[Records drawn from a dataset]

....

(* For all integers $n,h,b\ge0$, $G_n(h,b)=H_n(h,b)$, where $G_n(h,b)=|\mathcal{B}^{(h,b)}_{n+1}(231)|$ and $H_n(h,b)=|\mathcal{H}(n;h,b)|$. In particular, for every $n\ge1$, $|\mathcal{B}_n(231)|=C(\lfloor n/2\rfloor)\,C(\lfloor (n+1)/2\rfloor)$, where $C(m)=\frac{1}{m+1}\binom{2m}{m}$.
   Context: For integers $h,b\ge0$, a permutation $\pi\in\mathfrak{S}_{n+1}$ is an $(h,b)$-ballot permutation if the lattice path starting at $(0,h)$ whose $i$th step ($i\in[n]$) is $(1,1)$ if $\pi_i<\pi_{i+1}$ and $(1,-1)$ if $\pi_i>\pi_{i+1}$ ends at $(n,b)$ and never goes below the $x$-axis. Ballot permutations $\mathcal{B}_m$ are the $(0,b)$-ballot permutations in $\mathfrak{S}_m$ for some $b\ge0$ (every prefix has at most as many descents as ascents). $\mathcal{B}^{(h,b)}_{n+1}(231)$ (resp. $\mathcal{B}_m(231)$) denotes those with no subsequence order-isomorphic to $231$. A Gouyou-Beauchamps (GB) walk is a lattice path confined to $\{(x,y)\in\mathbb{N}^2: y\le x\}$ with steps from $\{(0,1),(0,-1),(-1,0),(1,0)\}$; $\mathcal{H}(n;h,b)$ is the set of $n$-step GB walks from $(h,0)$ to $(b,0)$. *)

theory Defs
  imports Complex_Main
begin

definition is_perm :: "nat \<Rightarrow> nat list \<Rightarrow> bool" where
  "is_perm m p \<longleftrightarrow> length p = m \<and> distinct p \<and> set p = {1..m}"

definition path_height :: "nat \<Rightarrow> nat list \<Rightarrow> nat \<Rightarrow> int" where
  "path_height h p k = int h + (\<Sum>i<k. if p ! i < p ! (i+1) then 1 else -1)"

definition hb_ballot :: "nat \<Rightarrow> nat \<Rightarrow> nat \<Rightarrow> nat list \<Rightarrow> bool" where
  "hb_ballot n h b p \<longleftrightarrow> is_perm (n+1) p \<and>
     (\<forall>k\<le>n. path_height h p k \<ge> 0) \<and> path_height h p n = int b"
text \<open>The three stages of the avalanche from the maximal stable configuration that ends in
  \<open>relation_config m n M\<close>: the grain added at bottom 0 is sent to every top; each top then
  sends a grain to every bottom except, if \<open>M i 0\<close>, bottom 0; finally every other bottom j
  drains to \<open>m + 1\<close> grains through the sink and sends its last toppling to the tops i with
  \<open>M i j\<close>.\<close>
lemma avalanche_stage1:
  assumes "0 < p" "p < 1" "1 \<le> n"
  shows "(topple p m n)\<^sup>*\<^sup>* (add_grain m n m (max_stable_config m n))
           (mk_config m n (\<lambda>_. n) (\<lambda>j. if j = 0 then 0 else m))"
proof -
  have "add_grain m n m (max_stable_config m n) =
      mk_config m n (\<lambda>_. n - 1) (\<lambda>j. if j = 0 then m + 1 else m)"
    unfolding add_grain_def max_stable_config_def mk_config_def using assms(3)
    by (auto intro!: nth_equalityI simp: nth_list_update)
  moreover have "mk_config m n (\<lambda>_. n) (\<lambda>j. if j = 0 then 0 else m) =
      mk_config m n (\<lambda>i. if i \<in> {..<m} then n - 1 + 1 else n - 1)
        ((\<lambda>j. if j = 0 then m + 1 else m)(0 := m - card {..<m}))"
    using assms(3) by (intro mk_config_cong) auto
  ultimately show ?thesis
    using assms(3) by (simp only:) (intro bottom_sheds[OF assms(1,2)], auto)
qed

....

• [Exercise objective] From the line that holds "ultimately show ?thesis" to the last line of the records above, print each line exactly. Add nothing else.

• [Output below]
  ultimately show ?thesis
    using assms(3) by (simp only:) (intro bottom_sheds[OF assms(1,2)], auto)
qed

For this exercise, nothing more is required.